Además, durante el tardocapitalismo la empresa desgraciadamente se ve como un
negociete chanchullero para que un tipejo (representado con sombrero de copa y
fumándose un puro) se lucre a costa de los demás (“plusvalía”, lo llamaban los
economistas clásicos). La empresa no está valorada como creación de riqueza
para la sociedad, y ese desprestigio es responsabilidad de todos.
El proceso es más
bien “emprendizaje” (como le enseñan a Zoe en el cole, las palabras que acaban
en “-aje” se escriben con j, excepto agencia, agente y agenda). Y es ahora más
vital que nunca no sólo por los niveles de desempleo y por la imperiosa
necesidad de crear puestos de trabajo, sino porque el modelo de relaciones
entre el profesional y la organización está cambiando radicalmente. El
paternalismo según el cual la empresa ofrecía empleo para toda la vida (“tú no
te preocupes por nada, la empresa se ocupará de todo”) a cambio de quedarse con
buena parte de los beneficios está desfasado, trasnochado. Ni es posible, ni es
justo. En el talentismo se impone un modelo mucho más equitativo, el de
emprendedores que forman parte de una organización (“intraemprendedores” les
llamamos) o crean valor fuera de ella (“agentes libres”, como se dice en los
países anglosajones; el término “autónomo” es cutre y deprimente, de segunda
fila).
¿Qué es lo más
valioso para quienes emprenden? Las investigaciones no dejan duda al respecto:
la libertad. Libertad de modelo, libertad de horarios, libertad de acción (los
consejos de Don Quijote a Sancho Panza, tras haber sido gobernador, son de
plena actualidad). Es la libertad lo más importante, y lo que provoca que en
estos tiempos de especial incertidumbre los asalariados en compañías a la vieja
usanza estén más asustados que un conejo, en tanto que los emprendedores se
sientan mejor, dueños de su propio destino.
Por ello el 90%
de los emprendedores proceden de entornos familiares emprendedores, en los que
la libertad, la capacidad de implantar lo que uno quiere (la felicidad, en
suma) ha marcado la diferencia. En contextos donde se ha valorado más la
seguridad que la libertad, es difícil inocular el virus del emprendizaje.
El éxito en las
iniciativas emprendedoras no tiene que ver con una idea genial como semilla
(aunque nos ponga un montón a los profesores de las escuelas de negocios), sino
con la capacidad de hacer equipo.

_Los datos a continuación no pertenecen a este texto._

text \<open>Scale sequences (indexed from 1; the value at 0 is irrelevant).\<close>
definition scale_sequence :: "(nat \<Rightarrow> real) \<Rightarrow> bool" where
  "scale_sequence s \<longleftrightarrow> (\<forall>n\<ge>1. s n > 0) \<and> filterlim s at_top sequentially"

definition monotone_scale :: "(nat \<Rightarrow> real) \<Rightarrow> bool" where
  "monotone_scale s \<longleftrightarrow> (\<forall>\<^sub>F n in sequentially. s (Suc n) \<ge> s n)"

definition steady_scale :: "(nat \<Rightarrow> real) \<Rightarrow> bool" where
  "steady_scale s \<longleftrightarrow> (\<lambda>n. s (Suc n) / s n) \<longlonglongrightarrow> 1"

definition prox_gauge :: "(nat \<Rightarrow> real) \<Rightarrow> ('a::metric_space \<Rightarrow> 'a) \<Rightarrow> 'a \<Rightarrow> 'a \<Rightarrow> ereal" where
  "prox_gauge s T x y = liminf (\<lambda>n. ereal (s n * dist ((T ^^ n) x) ((T ^^ n) y)))"

definition prox_gauge_pow :: "real \<Rightarrow> ('a::metric_space \<Rightarrow> 'a) \<Rightarrow> 'a \<Rightarrow> 'a \<Rightarrow> ereal" where
  "prox_gauge_pow \<alpha> T = prox_gauge (\<lambda>n. real n powr \<alpha>) T"

definition crit_exponent :: "'a measure \<Rightarrow> ('a::metric_space \<Rightarrow> 'a) \<Rightarrow> ereal" where
  "crit_exponent M T = Sup (ereal ` ({0} \<union>
     {\<alpha>. \<alpha> > 0 \<and> (AE z in M \<Otimes>\<^sub>M M. prox_gauge_pow \<alpha> T (fst z) (snd z) = 0)}))"

end

theory Submission
  imports Defs
begin

text \<open>
  Shifting a pair of points by \<open>T \<times> T\<close> can only decrease the gauge: for a monotone scale
  because \<open>s\<^sub>n \<le> s\<^sub>n\<^sub>+\<^sub>1\<close>, for a steady scale because the factor \<open>s\<^sub>n / s\<^sub>n\<^sub>+\<^sub>1\<close> tends to 1.
  A measurable function that decreases along an ergodic map has sub-invariant sublevel sets,
  each of which has measure 0 or 1, so it is almost everywhere constant; separability of \<open>X\<close>
  is what makes the gauge measurable on the product. For the power scales \<open>n\<^sup>\<alpha>\<close>, a finite gauge
  at exponent \<open>\<alpha>\<close> forces the gauge to vanish at every smaller exponent, which together with
  almost-everywhere constancy yields the dichotomy around the critical exponent.
\<close>

lemma measurable_funpow:
  assumes "f \<in> measurable M M"
  shows "f ^^ n \<in> measurable M M"
  by (induction n) (auto intro: measurable_compose[OF _ assms])

lemma ergodic_map_subinvariant_measure_0_1:
  assumes erg: "ergodic_map P S" and A: "A \<in> sets P" and sub: "A \<subseteq> S -` A"
  shows "measure P A = 0 \<or> measure P A = 1"
proof -
  from erg have S: "S \<in> measurable P P" and S_preserving: "distr P P S = P"
    and invariant_0_1: "\<And>B. B \<in> sets P \<Longrightarrow> S -` B \<inter> space P = B \<Longrightarrow>
                              measure P B = 0 \<or> measure P B = 1"
    by (auto simp: ergodic_map_def measure_preserving_map_def)
  \<comment> \<open>The preimages \<open>S\<^sup>-\<^sup>n A\<close> increase and all have the measure of \<open>A\<close>, so their union is
      an invariant set of that measure.\<close>
  define A' where "A' n = (S ^^ n) -` A \<inter> space P" for n
  have A'_0: "A' 0 = A"
    using sets.sets_into_space[OF A] by (auto simp: A'_def)
  have A'_Suc: "A' (Suc n) = S -` A' n \<inter> space P" for n
    using measurable_space[OF S] by (auto simp: A'_def funpow_swap1)
  have A'_sets: "A' n \<in> sets P" for n
    by (induction n) (auto simp: A'_0 A'_Suc A intro: measurable_sets[OF S])
  have A'_measure: "emeasure P (A' n) = emeasure P A" for n
  proof (induction n)
    case (Suc n)
    have "emeasure P (A' (Suc n)) = emeasure (distr P P S) (A' n)"
      by (simp add: A'_Suc emeasure_distr[OF S A'_sets])
    then show ?case using S_preserving Suc by simp
  qed (simp add: A'_0)
  have A'_inc: "incseq A'"
  proof (rule incseq_SucI)
    show "A' n \<subseteq> A' (Suc n)" for n
    proof (induction n)
      case 0
      show ?case using sub sets.sets_into_space[OF A] by (auto simp: A'_0 A'_Suc)
    qed (auto simp: A'_Suc)
  qed
  define B where "B = (\<Union>n. A' n)"
  have B_sets: "B \<in> sets P" using A'_sets by (auto simp: B_def)
  have "S -` B \<inter> space P = (\<Union>n. A' (Suc n))" by (auto simp: B_def A'_Suc)
  also have "\<dots> = B"
    using A'_inc unfolding B_def by (auto simp: incseq_Suc_iff)
  finally have B_invariant: "S -` B \<inter> space P = B" .
  have "emeasure P B = (SUP n. emeasure P (A' n))"
    using SUP_emeasure_incseq[of A' P] A'_sets A'_inc by (simp add: B_def image_subset_iff)
  then have "measure P B = measure P A" by (simp add: A'_measure measure_def)
  then show ?thesis using invariant_0_1[OF B_sets B_invariant] by simp
qed

lemma ereal_eq_INF_rat_greater:
  fixes x :: ereal
  shows "x = (INF q\<in>{q::rat. x < ereal (of_rat q)}. ereal (of_rat q))"
proof (rule antisym)
  show "x \<le> (INF q\<in>{q::rat. x < ereal (of_rat q)}. ereal (of_rat q))"
    by (rule INF_greatest) simp
  show "(INF q\<in>{q::rat. x < ereal (of_rat q)}. ereal (of_rat q)) \<le> x"
  proof (rule dense_ge)
    fix y assume "x < y"
    then obtain q :: rat where "x < ereal (of_rat q)" "ereal (of_rat q) < y"
      using ereal_dense3 by blast
    then show "(INF q\<in>{q::rat. x < ereal (of_rat q)}. ereal (of_rat q)) \<le> y"
      by (intro INF_lower2[of q]) auto
  qed
qed

lemma (in prob_space) AE_eq_const_if_prob_less_0_1:
  fixes f :: "'a \<Rightarrow> ereal"
  assumes f[measurable]: "f \<in> borel_measurable M"
    and zero_one: "\<And>t. \<P>(x in M. f x < t) = 0 \<or> \<P>(x in M. f x < t) = 1"
  shows "\<exists>c. AE x in M. f x = c"
proof -
  define Q where "Q = {q::rat. \<P>(x in M. f x < ereal (of_rat q)) = 1}"
  have "AE x in M. \<forall>q. f x < ereal (of_rat q) \<longleftrightarrow> q \<in> Q"
  proof (subst AE_all_countable, intro allI)
    fix q :: rat
    show "AE x in M. f x < ereal (of_rat q) \<longleftrightarrow> q \<in> Q"
    proof (cases "q \<in> Q")
      case True
      then show ?thesis by (simp add: Q_def prob_Collect_eq_1)
    next
      case False
      then have "\<P>(x in M. f x < ereal (of_rat q)) = 0" using zero_one by (auto simp: Q_def)
      then show ?thesis using False by (simp add: prob_Collect_eq_0)
    qed
  qed
  then have "AE x in M. f x = (INF q\<in>Q. ereal (of_rat q))"
  proof (rule AE_mp, intro AE_I2 impI)
    fix x assume "\<forall>q. f x < ereal (of_rat q) \<longleftrightarrow> q \<in> Q"
    then have "Q = {q. f x < ereal (of_rat q)}" by auto
    then show "f x = (INF q\<in>Q. ereal (of_rat q))" using ereal_eq_INF_rat_greater by simp
  qed
  then show ?thesis by blast
qed

lemma ergodic_map_AE_eq_const_if_decreasing:
  fixes f :: "'a \<Rightarrow> ereal"
  assumes "prob_space P" and erg: "ergodic_map P S" and f: "f \<in> borel_measurable P"
    and decreasing: "\<And>z. z \<in> space P \<Longrightarrow> f (S z) \<le> f z"
  shows "\<exists>c. AE z in P. f z = c"
proof -
  interpret prob_space P by fact
  have S: "S \<in> measurable P P"
    using erg by (simp add: ergodic_map_def measure_preserving_map_def)
  show ?thesis
  proof (rule AE_eq_const_if_prob_less_0_1[OF f])
    fix t
    show "\<P>(z in P. f z < t) = 0 \<or> \<P>(z in P. f z < t) = 1"
    proof (rule ergodic_map_subinvariant_measure_0_1[OF erg])
      show "{z \<in> space P. f z < t} \<in> sets P" using f by measurable
      show "{z \<in> space P. f z < t} \<subseteq> S -` {z \<in> space P. f z < t}"
        using measurable_space[OF S] decreasing by (auto intro: le_less_trans)
    qed
  qed
qed

text \<open>
  The library measurability of \<open>dist\<close> needs the type class \<open>second_countable_topology\<close>;
  here separability is only a hypothesis, so \<open>dist\<close> is written through separately measurable
  maps as \<open>dist a b = inf\<^sub>k (dist a (e k) + dist (e k) b)\<close> over a countable dense sequence \<open>e\<close>.
\<close>
lemma borel_measurable_dist_separable:
  fixes f g :: "'b \<Rightarrow> 'a::metric_space"
  assumes sep: "separable_space (euclidean :: 'a topology)"
    and f: "f \<in> M \<rightarrow>\<^sub>M borel" and g: "g \<in> M \<rightarrow>\<^sub>M borel"
  shows "(\<lambda>z. dist (f z) (g z)) \<in> borel_measurable M"
proof -
  obtain C :: "'a set" where C: "countable C" "closure C = UNIV"
    using sep unfolding separable_space_def by (metis euclidean_closure_of topspace_euclidean)
  then have "C \<noteq> {}" by (metis closure_empty empty_not_UNIV)
  define e where "e = from_nat_into C"
  have range_e: "range e = C"
    unfolding e_def by (rule range_from_nat_into[OF \<open>C \<noteq> {}\<close> C(1)])
  have dist_eq_INF: "ereal (dist a b) = (INF k. ereal (dist a (e k) + dist (e k) b))" for a b
  proof (rule antisym)
    show "ereal (dist a b) \<le> (INF k. ereal (dist a (e k) + dist (e k) b))"
      by (rule INF_greatest) (simp add: dist_triangle)
    show "(INF k. ereal (dist a (e k) + dist (e k) b)) \<le> ereal (dist a b)"
    proof (rule ereal_le_epsilon2)
      fix \<epsilon> :: real assume "0 < \<epsilon>"
      then obtain c where "c \<in> C" "dist c a < \<epsilon> / 2"
        using C(2) closure_approachable[of a C] by (metis UNIV_I half_gt_zero)
      then obtain k where "dist (e k) a < \<epsilon> / 2" using range_e by auto
      then have "dist a (e k) + dist (e k) b \<le> dist a b + \<epsilon>"
        using dist_triangle[of "e k" b a] by (simp add: dist_commute)
      then show "(INF k. ereal (dist a (e k) + dist (e k) b)) \<le> ereal (dist a b) + ereal \<epsilon>"
        by (intro INF_lower2[of k]) auto
    qed
  qed
  have dist_to[measurable]: "(\<lambda>x. dist x c) \<in> borel_measurable borel" for c :: 'a
    by (intro borel_measurable_continuous_onI continuous_intros)
  have "(\<lambda>z. dist (f z) (e k)) \<in> borel_measurable M" "(\<lambda>z. dist (e k) (g z)) \<in> borel_measurable M" for k
    using measurable_compose[OF f dist_to] measurable_compose[OF g dist_to, of "e k"]
    by (simp_all add: comp_def dist_commute[of "e k"])
  then have "(\<lambda>z. INF k. ereal (dist (f z) (e k) + dist (e k) (g z))) \<in> borel_measurable M"
    by measurable
  then have "(\<lambda>z. ereal (dist (f z) (g z))) \<in> borel_measurable M"
    by (simp add: dist_eq_INF)
  then show ?thesis by simp
qed

lemma borel_measurable_prox_gauge:
  fixes f g :: "'b \<Rightarrow> 'a::metric_space"
  assumes sep: "separable_space (euclidean :: 'a topology)"
    and T: "T \<in> borel_measurable borel"
    and f: "f \<in> M \<rightarrow>\<^sub>M borel" and g: "g \<in> M \<rightarrow>\<^sub>M borel"
  shows "(\<lambda>z. prox_gauge s T (f z) (g z)) \<in> borel_measurable M"
proof -
  have [measurable]: "(\<lambda>z. dist ((T ^^ n) (f z)) ((T ^^ n) (g z))) \<in> borel_measurable M" for n
    using measurable_compose[OF f measurable_funpow[OF T]] measurable_compose[OF g measurable_funpow[OF T]]
    by (intro borel_measurable_dist_separable[OF sep]) (simp_all add: comp_def)
  show ?thesis unfolding prox_gauge_def by measurable
qed

lemma prox_gauge_shift_le_if_monotone:
  assumes "monotone_scale s"
  shows "prox_gauge s T (T x) (T y) \<le> prox_gauge s T x y"
proof -
  define d where "d n = dist ((T ^^ n) x) ((T ^^ n) y)" for n
  have "eventually (\<lambda>n. ereal (s n * d (Suc n)) \<le> ereal (s (Suc n) * d (Suc n))) sequentially"
    using assms unfolding monotone_scale_def
    by (rule eventually_mono) (simp add: d_def mult_right_mono)
  then have "liminf (\<lambda>n. ereal (s n * d (Suc n))) \<le> liminf (\<lambda>n. ereal (s (Suc n) * d (Suc n)))"
    by (rule Liminf_mono)
  then show ?thesis
    using liminf_shift[of "\<lambda>n. ereal (s n * d n)"] by (simp add: prox_gauge_def d_def funpow_swap1)
qed
lemma subcritical_weights_path:
  assumes "\<And>x a. x < k \<Longrightarrow> a < x \<Longrightarrow> T x a \<noteq> 2 \<longleftrightarrow> Suc a = x"
  shows "\<exists>w. subcritical_weights k T w"
proof
  define N where "N = real k + 2"
  show "subcritical_weights k T (\<lambda>a. (N - a) / 2 ^ a)"
    unfolding subcritical_weights_def
  proof (intro conjI allI impI)
    fix x assume x: "x < k"
    have "{a. a < k \<and> (x \<le> a \<or> T x a \<noteq> 2)} = {a. a < k \<and> (x \<le> a \<or> Suc a = x)}"
      using assms[OF x] not_le by blast
    then have "forward_weight k T (\<lambda>a. (N - a) / 2 ^ a) x \<le> 4 * ((N - x) / 2 ^ x) - 2 / 2 ^ k"
      using path_forward_sum_le[OF x, of N] by (simp add: forward_weight_def N_def)
    also have "\<dots> < 4 * ((N - x) / 2 ^ x)" by simp
    finally show "forward_weight k T (\<lambda>a. (N - a) / 2 ^ a) x < 4 * ((N - x) / 2 ^ x)" .
  qed (simp add: N_def)
qed

lemma typeD_adjacent_below:
  assumes "4 \<le> k" "a < x" "x < k"
  shows "typeD k x a \<noteq> 2 \<longleftrightarrow> (if x = k - 1 then a = k - 3 else Suc a = x)"
  using assms by (auto simp: typeD_def typeA_def doubleton_eq_iff numeral_eq_enat)

text \<open>The path weights on x_1 ... x_(k-1), with the weight of the branch vertex x_k raised
  from 16/2^k to 27/2^k so that the inequality also holds at x_k.\<close>
lemma subcritical_weights_typeD:
  assumes k: "4 \<le> k"
  shows "\<exists>w. subcritical_weights k (typeD k) w"
proof
  define N where "N = real k + 7"
  define v where "v a = (N - a) / 2 ^ a" for a :: nat
  define w where "w a = (if a = k - 1 then 27 / 2 ^ k else v a)" for a
  have pow: "(2::real) ^ k = 2 ^ (k - j) * 2 ^ j" if "j \<le> k" for j
    using that by (simp flip: power_add)
  show "subcritical_weights k (typeD k) w"
    unfolding subcritical_weights_def
  proof (intro conjI allI impI)
    fix x assume x: "x < k"
    let ?S = "{a. a < k \<and> (x \<le> a \<or> typeD k x a \<noteq> 2)}"
    show "forward_weight k (typeD k) w x < 4 * w x"
    proof (cases "x = k - 1")
      case True
      have below: "typeD k x a \<noteq> 2 \<longleftrightarrow> a = k - 3" if "a < x" for a
        using typeD_adjacent_below[OF k that x] True by simp
      have "?S = {k - 3, k - 1}"
      proof (intro equalityI subsetI)
        fix a assume "a \<in> ?S"
        then show "a \<in> {k - 3, k - 1}" using below[of a] True by (cases "x \<le> a") auto
      next
        fix a assume "a \<in> {k - 3, k - 1}"
        then show "a \<in> ?S" using below[of "k - 3"] True k by auto
      qed
      moreover have "v (k - 3) = 80 / 2 ^ k"
        using pow[of 3] k by (simp add: v_def N_def of_nat_diff)
      ultimately show ?thesis using k True by (simp add: forward_weight_def w_def divide_strict_right_mono)
    next
      case False
      have "typeD k x a \<noteq> 2 \<longleftrightarrow> Suc a = x" if "a < x" for a
        using typeD_adjacent_below[OF k that x] False by simp
      then have S: "?S = {a. a < k \<and> (x \<le> a \<or> Suc a = x)}"
        using not_le by blast
      have last: "k - 1 \<in> ?S" using x by auto
      have "forward_weight k (typeD k) w x = 27 / 2 ^ k + sum v (?S - {k - 1})"
        unfolding forward_weight_def using last by (simp add: sum.remove w_def)
      also have "\<dots> = 27 / 2 ^ k - v (k - 1) + sum v ?S"
        using last by (simp add: sum.remove)
      also have "v (k - 1) = 16 / 2 ^ k"
        using pow[of 1] k by (simp add: v_def N_def of_nat_diff)
      also have "sum v ?S \<le> 4 * v x - 12 / 2 ^ k"
        using path_forward_sum_le[OF x, of N] unfolding S by (simp add: v_def N_def)
      finally have "forward_weight k (typeD k) w x \<le> 4 * v x - 1 / 2 ^ k" by simp
      moreover have "(0::real) < 1 / 2 ^ k" by simp
      moreover have "w x = v x" using False by (simp add: w_def)
      ultimately show ?thesis by linarith
    qed
  qed (simp add: w_def v_def N_def)
qed

definition weights_check :: "nat \<Rightarrow> (nat \<Rightarrow> nat \<Rightarrow> enat) \<Rightarrow> nat list \<Rightarrow> bool" where
  "weights_check k T ws \<longleftrightarrow> (\<forall>x\<in>set [0..<k]. 0 < ws ! x \<and>
     sum_list (map (\<lambda>a. if x \<le> a \<or> T x a \<noteq> 2 then ws ! a else 0) [0..<k]) < 4 * ws ! x)"

lemma subcritical_weights_if_check:
  assumes "weights_check k T ws"
  shows "subcritical_weights k T (\<lambda>a. real (ws ! a))"
  unfolding subcritical_weights_def
proof (intro conjI allI impI)
  fix x assume x: "x < k"
  then have "(\<Sum>a<k. if x \<le> a \<or> T x a \<noteq> 2 then ws ! a else 0) < 4 * ws ! x"
    using assms by (simp add: weights_check_def sum_list_distinct_conv_sum_set atLeast0LessThan)
  then have "real (\<Sum>a<k. if x \<le> a \<or> T x a \<noteq> 2 then ws ! a else 0) < real (4 * ws ! x)"
    by linarith
  then have "(\<Sum>a<k. if x \<le> a \<or> T x a \<noteq> 2 then real (ws ! a) else 0) < 4 * real (ws ! x)"
    by (simp add: of_nat_sum if_distrib cong: if_cong)
  moreover have "{a. a < k \<and> (x \<le> a \<or> T x a \<noteq> 2)} = {..<k} \<inter> {a. x \<le> a \<or> T x a \<noteq> 2}" by auto
  ultimately show "forward_weight k T (\<lambda>a. real (ws ! a)) x < 4 * real (ws ! x)"
    by (simp add: forward_weight_def sum.inter_restrict)
qed (use assms in \<open>simp add: weights_check_def\<close>)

El fundador no puede ser un “llanero
solitario”; necesita un tándem con otra persona con cualidades complementarias
que comparta los mismos valores (y esto no es nada fácil). La innovación
requiere de un trío (un creativo puro, un marketinero que sea capaz de llevar
la idea al mercado y un ingeniero que operativice el producto o servicio). Y un
germen emprendedor fructifica con un quinteto (financiero, marketing y
comercial, operaciones, gestión del talento y el director de
orquesta/notoriedad de la empresa). Las empresas de “cuello de botella” (uno
toma todas las decisiones) acaban pereciendo porque no son capaces de aprender
al ritmo que requiere el mercado.
Llámalo como te
dé la gana, pero ¡EMPRENDE! La vida es muy desgraciada cuando eres un mandado
(además, vas dándote cuenta de que, a medida que escalas en la pirámide, tu
servidumbre es mayor y los barrotes de tu “jaula de oro” son más difíciles de
serrar). Emprende, emprende, emprende. Equivócate y sigue aprendiendo. Disfruta
del camino y que la suerte –la suerte que mereces, en función del esfuerzo
inteligente que le pongas- te acompañe.
Mi agradecimiento
a los emprendedores que en el mundo han sido y a quienes les echan el coraje de
convertir su vocación, su pasión, en su profesión.